To me that old code looks pretty much right--in fact it is one of the
suggestions I made in my previous comment.  In comment #20 you say there was a
comment in the code which indicated that it didn't always do the right thing,
and in fact you removed that comment in your patch:
-   - there are extremely rare cases (see distribute_regnotes) when a
-     REG_DEAD note is lost
But in fact that comment not only was correct but still is correct.  In some
cases, a REG_DEAD note will be lost, and in those cases the code sets a bit in
refresh_blocks and reruns life analysis.

Actually, I can see that there is a bug in the original code in some unusual
cases.  It relies on reg_set_p to see whether the register is set and therefore
the REG_DEAD note can be discarded.  But really we can only casually remove the
REG_DEAD note if the register is completely set, and reg_set_p can return true
if the register is partially set.  For example, if a STRICT_LOW_PART is used
when setting the register, we may wind up losing the REG_DEAD note incorrectly.
 I think that we can only ignore the register if dead_or_set_p returns true for it.
Comment 33 Ian Lance Taylor 2005-10-08 05:04:36 UTC
I found the bug report which led to the patch which is the issue in this PR.  It starts here:
    http://gcc.gnu.org/ml/gcc-patches/2003-05/msg00796.html
and ends with this patch:
    http://gcc.gnu.org/ml/gcc-patches/2003-05/msg01358.html

I will try to recreate this problem.  It looks like we should be able to fix this specific type of problem without losing any speed.  We should just should not skip adding the REG_DEAD note if we don't directly set the register.  It actually looks like the code works that way anyhow, but with luck I will be able to recreate the problem and figure out what is really happening.
Comment 34 Ian Lance Taylor 2005-10-08 05:51:36 UTC
I am able to recreate the problem with a hppa64-hp-hpux11 cross-compiler, in the sense that combine does lose the REG_DEAD note when compiling the gcc.c-torture/compile/920501-13.c test case with -O1.  In the current compiler, the compilation succeeds.  A REG_UNUSED note is added by the recompute_reg_usage pass, the unused register is allocated, and the allocated register is later eliminated during the combine_stack_adjustments pass.  So it works but the overall effect is not ideal since we allocate an unneccessary register.

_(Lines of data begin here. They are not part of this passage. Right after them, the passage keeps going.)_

text \<open>The tilt \<open>t = t\<^sub>s + h\<close> and threshold \<open>T' = \<phi>'(t\<^sub>s + 2h)\<close> for small \<open>h > 0\<close>: by strict
  convexity both side terms of the MGF split are exponentially small, while the exponent
  \<open>t T' - \<phi>(t)\<close> is within \<open>\<epsilon>\<close> of the saddle-point exponent by continuity.\<close>

lemma obtain_tilt_near_saddle_point:
  fixes \<sigma>2 A ts \<epsilon> :: real
  assumes q: "\<sigma>2 > 0" and A: "A \<ge> 0" and ts: "ts \<ge> 0" and uts: "1 - 2*ts*\<sigma>2 > 0" and e: "\<epsilon> > 0"
  obtains t h T' where "0 \<le> t" "0 \<le> h" "1 - 2*(t+h)*\<sigma>2 > 0"
    "h * noncentral_cgf_deriv \<sigma>2 A ts + noncentral_cgf \<sigma>2 A (t-h) - noncentral_cgf \<sigma>2 A t < 0"
    "noncentral_cgf \<sigma>2 A (t+h) - noncentral_cgf \<sigma>2 A t - h*T' < 0"
    "t*T' - noncentral_cgf \<sigma>2 A t < ts * noncentral_cgf_deriv \<sigma>2 A ts - noncentral_cgf \<sigma>2 A ts + \<epsilon>"
proof -
  let ?cgf = "noncentral_cgf \<sigma>2 A" and ?cgf' = "noncentral_cgf_deriv \<sigma>2 A"
  define F where "F = (\<lambda>h. (ts+h) * ?cgf' (ts+2*h) - ?cgf (ts+h))"
  have "isCont F 0" unfolding F_def noncentral_cgf_def noncentral_cgf_deriv_def using uts
    by (auto intro!: continuous_intros)
  then have "(F \<longlongrightarrow> F 0) (at_right 0)"
    unfolding isCont_def by (rule filterlim_mono) (auto simp: at_le)
  then have "eventually (\<lambda>h. F h < F 0 + \<epsilon>) (at_right 0)"
    using e by (intro order_tendstoD(2)) auto
  moreover have "eventually (\<lambda>h. h \<in> {0<..<(1 - 2*ts*\<sigma>2) / (6*\<sigma>2)}) (at_right 0)"
    using uts q by (intro eventually_at_right_real) simp
  ultimately have "\<exists>h. F h < F 0 + \<epsilon> \<and> h \<in> {0<..<(1 - 2*ts*\<sigma>2) / (6*\<sigma>2)}"
    by (intro eventually_happens'[OF _ eventually_conj]) auto
  then obtain h where h: "0 < h" "6*(h*\<sigma>2) < 1 - 2*ts*\<sigma>2" and F: "F h < F 0 + \<epsilon>"
    using q by (auto simp: field_simps)
  have hs: "0 < h*\<sigma>2" using h q by simp
  have u1: "1 - 2*(ts+h)*\<sigma>2 > 0" and u2: "1 - 2*(ts+2*h)*\<sigma>2 > 0"
    using h(2) hs by (simp_all add: algebra_simps)
  have "h * ?cgf' ts < ?cgf (ts+h) - ?cgf ts"
    using noncentral_cgf_increment_bounds(1)[OF q A _ u1, of ts] h by simp
  moreover have "?cgf (ts+2*h) - ?cgf (ts+h) < h * ?cgf' (ts+2*h)"
    using noncentral_cgf_increment_bounds(2)[OF q A _ u2, of "ts+h"] h by simp
  moreover have "ts + h + h = ts + 2*h" by simp
  ultimately show ?thesis
    using that[of "ts+h" h "?cgf' (ts+2*h)"] ts h u2 F unfolding F_def by (simp add: algebra_simps)
qed

lemma eventually_exp_mult_less:
  fixes g \<epsilon> :: real
  assumes "g < 0" and "\<epsilon> > 0"
  shows "eventually (\<lambda>n. exp (real n * g) < \<epsilon>) sequentially"
proof -
  have "(\<lambda>n. exp g ^ n) \<longlonglongrightarrow> 0" using assms by (intro LIMSEQ_power_zero) auto
  then have "eventually (\<lambda>n. exp g ^ n < \<epsilon>) sequentially" by (rule order_tendstoD(2)) (rule assms(2))
  then show ?thesis by (simp add: exp_of_nat_mult[symmetric])
qed

lemma exp_equiv_exp_linearI:
  fixes E C :: real and g :: "nat \<Rightarrow> real"
  assumes C: "C > 0"
    and upper: "eventually (\<lambda>n. g n \<le> exp (- real n * E)) sequentially"
    and lower: "\<And>\<epsilon>. \<epsilon> > 0 \<Longrightarrow> eventually (\<lambda>n. C * exp (- real n * (E + \<epsilon>)) \<le> g n) sequentially"
  shows "exp_equiv (\<lambda>n. exp (- real n * E)) g"
  unfolding exp_equiv_def
proof
  show "eventually (\<lambda>n. 0 < exp (- real n * E) \<and> 0 < g n) sequentially"
    using lower[OF zero_less_one] by eventually_elim (metis C exp_gt_zero mult_pos_pos order_less_le_trans)
  show "(\<lambda>n. ln (exp (- real n * E) / g n) / real n) \<longlonglongrightarrow> 0"
  proof (rule tendstoI)
    fix e :: real assume e: "e > 0"
    have "(\<lambda>n. ln C / real n) \<longlonglongrightarrow> 0"
      by (intro tendsto_divide_0[OF tendsto_const] filterlim_at_top_imp_at_infinity
          filterlim_real_sequentially)
    then have "eventually (\<lambda>n. dist (ln C / real n) 0 < e / 2) sequentially"
      using e by (intro tendstoD) auto
    with lower[OF half_gt_zero[OF e]] upper eventually_ge_at_top[of 1]
    show "eventually (\<lambda>n. dist (ln (exp (- real n * E) / g n) / real n) 0 < e) sequentially"
    proof eventually_elim
      case (elim n)
      then have n: "real n > 0" and lb: "C * exp (- real n * (E + e / 2)) \<le> g n"
        and ub: "g n \<le> exp (- real n * E)" and "dist (ln C / real n) 0 < e / 2" by auto
      then have small: "\<bar>ln C / real n\<bar> < e / 2" by (simp only: dist_real_def diff_zero)
      have g: "0 < g n" using lb C by (smt (verit) exp_gt_zero mult_pos_pos)
      have "0 \<le> ln (exp (- real n * E) / g n)" using ub g by simp
      moreover have "ln (C * exp (- real n * (E + e / 2))) \<le> ln (g n)" using lb g C by simp
      then have "ln (exp (- real n * E) / g n) \<le> real n * (e / 2) - ln C"
        using g C by (simp add: ln_div ln_mult algebra_simps)
      ultimately have "\<bar>ln (exp (- real n * E) / g n) / real n\<bar> \<le> e / 2 - ln C / real n"
        using n by (simp add: field_simps)
      then have "\<bar>ln (exp (- real n * E) / g n) / real n\<bar> < e"
        using small abs_ge_minus_self[of "ln C / real n"] by linarith
      then show ?case by (simp only: dist_real_def diff_zero)
    qed
  qed
qed

lemma exp_equiv_measure_tail_set:
  fixes \<sigma>2 P c ts T :: real
  assumes q: "\<sigma>2 > 0" and P: "P \<ge> 0" and ts: "0 \<le> ts" and u: "1 - 2*ts*\<sigma>2 > 0"
    and T: "noncentral_cgf_deriv \<sigma>2 (c\<^sup>2*P) ts = T"
  shows "exp_equiv (\<lambda>n. exp (- real n * (ts*T - noncentral_cgf \<sigma>2 (c\<^sup>2*P) ts)))
    (\<lambda>n. measure (sphere_uniform n (sqrt (real n * P)) \<Otimes>\<^sub>M gauss_vec n \<sigma>2)
           (tail_set n P \<sigma>2 c (sqrt (real n * T))))"
proof (rule exp_equiv_exp_linearI[where C="1/2"])
  let ?cgf = "noncentral_cgf \<sigma>2 (c\<^sup>2*P)"
  let ?Pr = "\<lambda>n. measure (sphere_uniform n (sqrt (real n * P)) \<Otimes>\<^sub>M gauss_vec n \<sigma>2)
           (tail_set n P \<sigma>2 c (sqrt (real n * T)))"
  have A: "c\<^sup>2*P \<ge> 0" using P by simp
  have T0: "T \<ge> 0" using T q u A unfolding noncentral_cgf_deriv_def by auto
  show "eventually (\<lambda>n. ?Pr n \<le> exp (- real n * (ts*T - ?cgf ts))) sequentially"
    using eventually_ge_at_top[of 1] by eventually_elim (rule measure_tail_set_upper[OF q P _ T0 u ts])
  fix \<epsilon> :: real assume e: "\<epsilon> > 0"
  obtain t h T' where th: "0 \<le> t" "0 \<le> h" "1 - 2*(t+h)*\<sigma>2 > 0"
    and side1: "h * T + ?cgf (t-h) - ?cgf t < 0" and side2: "?cgf (t+h) - ?cgf t - h*T' < 0"
    and near: "t*T' - ?cgf t < ts*T - ?cgf ts + \<epsilon>"
    using obtain_tilt_near_saddle_point[OF q A ts u e] unfolding T by metis
  have quarter: "(0::real) < 1/4" by simp
  show "eventually (\<lambda>n. 1/2 * exp (- real n * (ts*T - ?cgf ts + \<epsilon>)) \<le> ?Pr n) sequentially"
    using eventually_exp_mult_less[OF side1 quarter] eventually_exp_mult_less[OF side2 quarter]
      eventually_ge_at_top[of 1]
  proof eventually_elim
    case (elim n)
    then have "exp (- real n * (t*T' - ?cgf t)) / 2 \<le> ?Pr n"
      by (intro measure_tail_set_lower[OF q P _ T0 th]) simp_all
    moreover have "exp (- real n * (ts*T - ?cgf ts + \<epsilon>)) \<le> exp (- real n * (t*T' - ?cgf t))"
      using near by (simp add: mult_left_mono)
    ultimately show ?case by linarith
  qed
qed simp
(* There exists an absolute constant $\xi>0$ such that for every $\rho<\xi$: if $T$ is an $\alpha$-approximate integral solution of the MMDA instance $G^{(\rho)}_{n,\ell}$, then $\alpha\ge n^{\Omega(1/\ell)}$.
   Context: MMDA: an $\alpha$-approximate integral solution of a layered instance with source $s$, sinks $L_\ell$ and required out-degrees $k_u$ is $T\subseteq E$ with $|\delta_T^+(s)|\ge k_s/\alpha$, every vertex of in-degree at most $1$ in $T$, and $|\delta^+_T(v)|\ge k_v/\alpha$ for every non-sink $v\ne s$ of in-degree $1$ in $T$. The instance $G^{(\rho)}_{n,\ell}$: integers $m$ and $1/\epsilon$ with $\epsilon\rho m\in\mathbb N$, $\ell=3/\epsilon$, $\epsilon m=\omega(\log m)$ (when $\ell=3$, $\epsilon=1$); ground set $[m]$. Each vertex $v$ has a label $S_v\subseteq[m]$: $L_0=\{s\}$ with $S_s=\emptyset$; for $1\le i<2/\epsilon$, $L_i$ has one vertex per subset of size $i\epsilon\rho m$; for $2/\epsilon\le i\le3/\epsilon$, one vertex per subset of size $(4-i\epsilon)\rho m$. For $u\in L_{i-1},v\in L_i$, edge $(u,v)$ iff $S_u\subseteq S_v$ ($i\le 2/\epsilon$) or $S_v\subseteq S_u$ ($i>2/\epsilon$). Sinks: $L_{3/\epsilon}$. With $\delta_i^+$ the out-degree of vertices in $L_i$, $k_v=\gamma_i\delta^+_i$ for $v\in L_i$, $i<\ell$, where $\gamma_i=\gamma'_1$ ($0\le i<1/\epsilon$), $\gamma'_2$ ($1/\epsilon\le i<2/\epsilon$), $\gamma'_3$ ($2/\epsilon\le i<3/\epsilon$), $\gamma'_1=\frac{(\epsilon\rho m)!}{((\rho m)!\binom{(1-\rho)m}{\rho m})^{\epsilon}}$, $\gamma'_2=\frac{(\epsilon\rho m)!}{((\rho m)!\binom{2\rho m}{\rho m})^{\epsilon}}$, $\gamma'_3=\frac{(\epsilon\rho m)!}{((\rho m)!)^{\epsilon}}$. $n$ is the number of vertices, $n=2^{\Theta(m)}$. *)

theory Defs
  imports Complex_Main
begin

text \<open>Parameters: m (ground set [m] = {..<m}),
  e = 1/epsilon (a positive integer), q = epsilon*rho*m (a natural number).
  Then l = 3e, rho*m = e*q, and the label sizes are
  layer i < 2e: i*q  (= i*epsilon*rho*m), layer 2e <= i <= 3e: (4e - i)*q (= (4 - i*epsilon)*rho*m).\<close>

definition lsize :: "nat \<Rightarrow> nat \<Rightarrow> nat \<Rightarrow> nat" where
  "lsize e q i = (if i < 2*e then i*q else (4*e - i)*q)"

definition gverts :: "nat \<Rightarrow> nat \<Rightarrow> nat \<Rightarrow> (nat \<times> nat set) set" where
  "gverts m e q = {(i, S). i \<le> 3*e \<and> S \<subseteq> {..<m} \<and> card S = lsize e q i}"

definition gedges :: "nat \<Rightarrow> nat \<Rightarrow> nat \<Rightarrow> ((nat \<times> nat set) \<times> (nat \<times> nat set)) set" where
  "gedges m e q = {((i, S), (j, S')). (i, S) \<in> gverts m e q \<and> (j, S') \<in> gverts m e q \<and>
      j = Suc i \<and> (if j \<le> 2*e then S \<subseteq> S' else S' \<subseteq> S)}"

definition gsource :: "nat \<times> nat set" where
  "gsource = (0, {})"

definition gnum :: "nat \<Rightarrow> nat \<Rightarrow> nat \<Rightarrow> nat" where
  "gnum m e q = card (gverts m e q)"

text \<open>gamma'_1, gamma'_2, gamma'_3 with epsilon = 1/e, rho*m = e*q, (1-rho)*m = m - e*q.\<close>
definition gam1 :: "nat \<Rightarrow> nat \<Rightarrow> nat \<Rightarrow> real" where
  "gam1 m e q = fact q / ((fact (e*q) * real ((m - e*q) choose (e*q))) powr (1 / real e))"

definition gam2 :: "nat \<Rightarrow> nat \<Rightarrow> real" where
  "gam2 e q = fact q / ((fact (e*q) * real ((2*(e*q)) choose (e*q))) powr (1 / real e))"

definition gam3 :: "nat \<Rightarrow> nat \<Rightarrow> real" where
  "gam3 e q = fact q / ((fact (e*q)) powr (1 / real e))"

definition gamma_layer :: "nat \<Rightarrow> nat \<Rightarrow> nat \<Rightarrow> nat \<Rightarrow> real" where
  "gamma_layer m e q i = (if i < e then gam1 m e q else if i < 2*e then gam2 e q else gam3 e q)"

definition outn :: "('v \<times> 'v) set \<Rightarrow> 'v \<Rightarrow> 'v set" where
  "outn F v = {w. (v, w) \<in> F}"

definition inn :: "('v \<times> 'v) set \<Rightarrow> 'v \<Rightarrow> 'v set" where
  "inn F v = {u. (u, v) \<in> F}"

text \<open>Required out-degree k_v = gamma_i * delta_i^+ for v in layer i < l (all vertices of a layer
  have the same out-degree delta_i^+ in G).\<close>
definition kreq :: "nat \<Rightarrow> nat \<Rightarrow> nat \<Rightarrow> nat \<times> nat set \<Rightarrow> real" where
  "kreq m e q v = gamma_layer m e q (fst v) * real (card (outn (gedges m e q) v))"

definition approx_sol :: "nat \<Rightarrow> nat \<Rightarrow> nat \<Rightarrow> real \<Rightarrow> ((nat \<times> nat set) \<times> (nat \<times> nat set)) set \<Rightarrow> bool" where
  "approx_sol m e q \<alpha> T \<longleftrightarrow>
     T \<subseteq> gedges m e q \<and>
     real (card (outn T gsource)) \<ge> kreq m e q gsource / \<alpha> \<and>
     (\<forall>v \<in> gverts m e q. card (inn T v) \<le> 1) \<and>
     (\<forall>v \<in> gverts m e q. fst v \<noteq> 3*e \<and> v \<noteq> gsource \<and> card (inn T v) = 1 \<longrightarrow>
        real (card (outn T v)) \<ge> kreq m e q v / \<alpha>)"

end

theory Submission
  imports Defs
begin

I'll see if we can avoid losing the REG_DEAD note in the combine pass.
Comment 35 Ian Lance Taylor 2005-10-10 18:19:48 UTC
Created attachment 9952 [details]
Patch

This patch fixes the problem in this PR, and also does not lose the REG_DEAD note in the hppa64-hp-hpux11 test case.  I won't try to checkin until it has been tested on hppa64-hp-hpux11.  Unfortunately, that target reportedly does not bootstrap at the moment for unrelated reasons.
Comment 36 GCC Commits 2005-10-11 23:46:05 UTC
Subject: Bug 13931

CVSROOT:	/cvs/gcc
Module name:	gcc
Changes by:	ian@gcc.gnu.org	2005-10-11 23:45:57

Modified files:
	gcc            : ChangeLog combine.c 

Log message:
	PR rtl-optimization/13931
	* combine.c: Revert patch of 2003-05-14, and:
	(try_combine): Only set elim_i1 and elim_i2 if the destination is
	completely killed in the appropriate insn.
	(distribute_notes): Don't skip multiple hard register test for
	elim_i1 and elim_i2.

Patches:
http://gcc.gnu.org/cgi-bin/cvsweb.cgi/gcc/gcc/ChangeLog.diff?cvsroot=gcc&r1=2.10141&r2=2.10142
http://gcc.gnu.org/cgi-bin/cvsweb.cgi/gcc/gcc/combine.c.diff?cvsroot=gcc&r1=1.504&r2=1.505

Comment 37 Ian Lance Taylor 2005-10-11 23:47:18 UTC
Fixed on mainline.  This is a minor compilation time speedup, and I don't think there is much benefit to porting back to the release branches.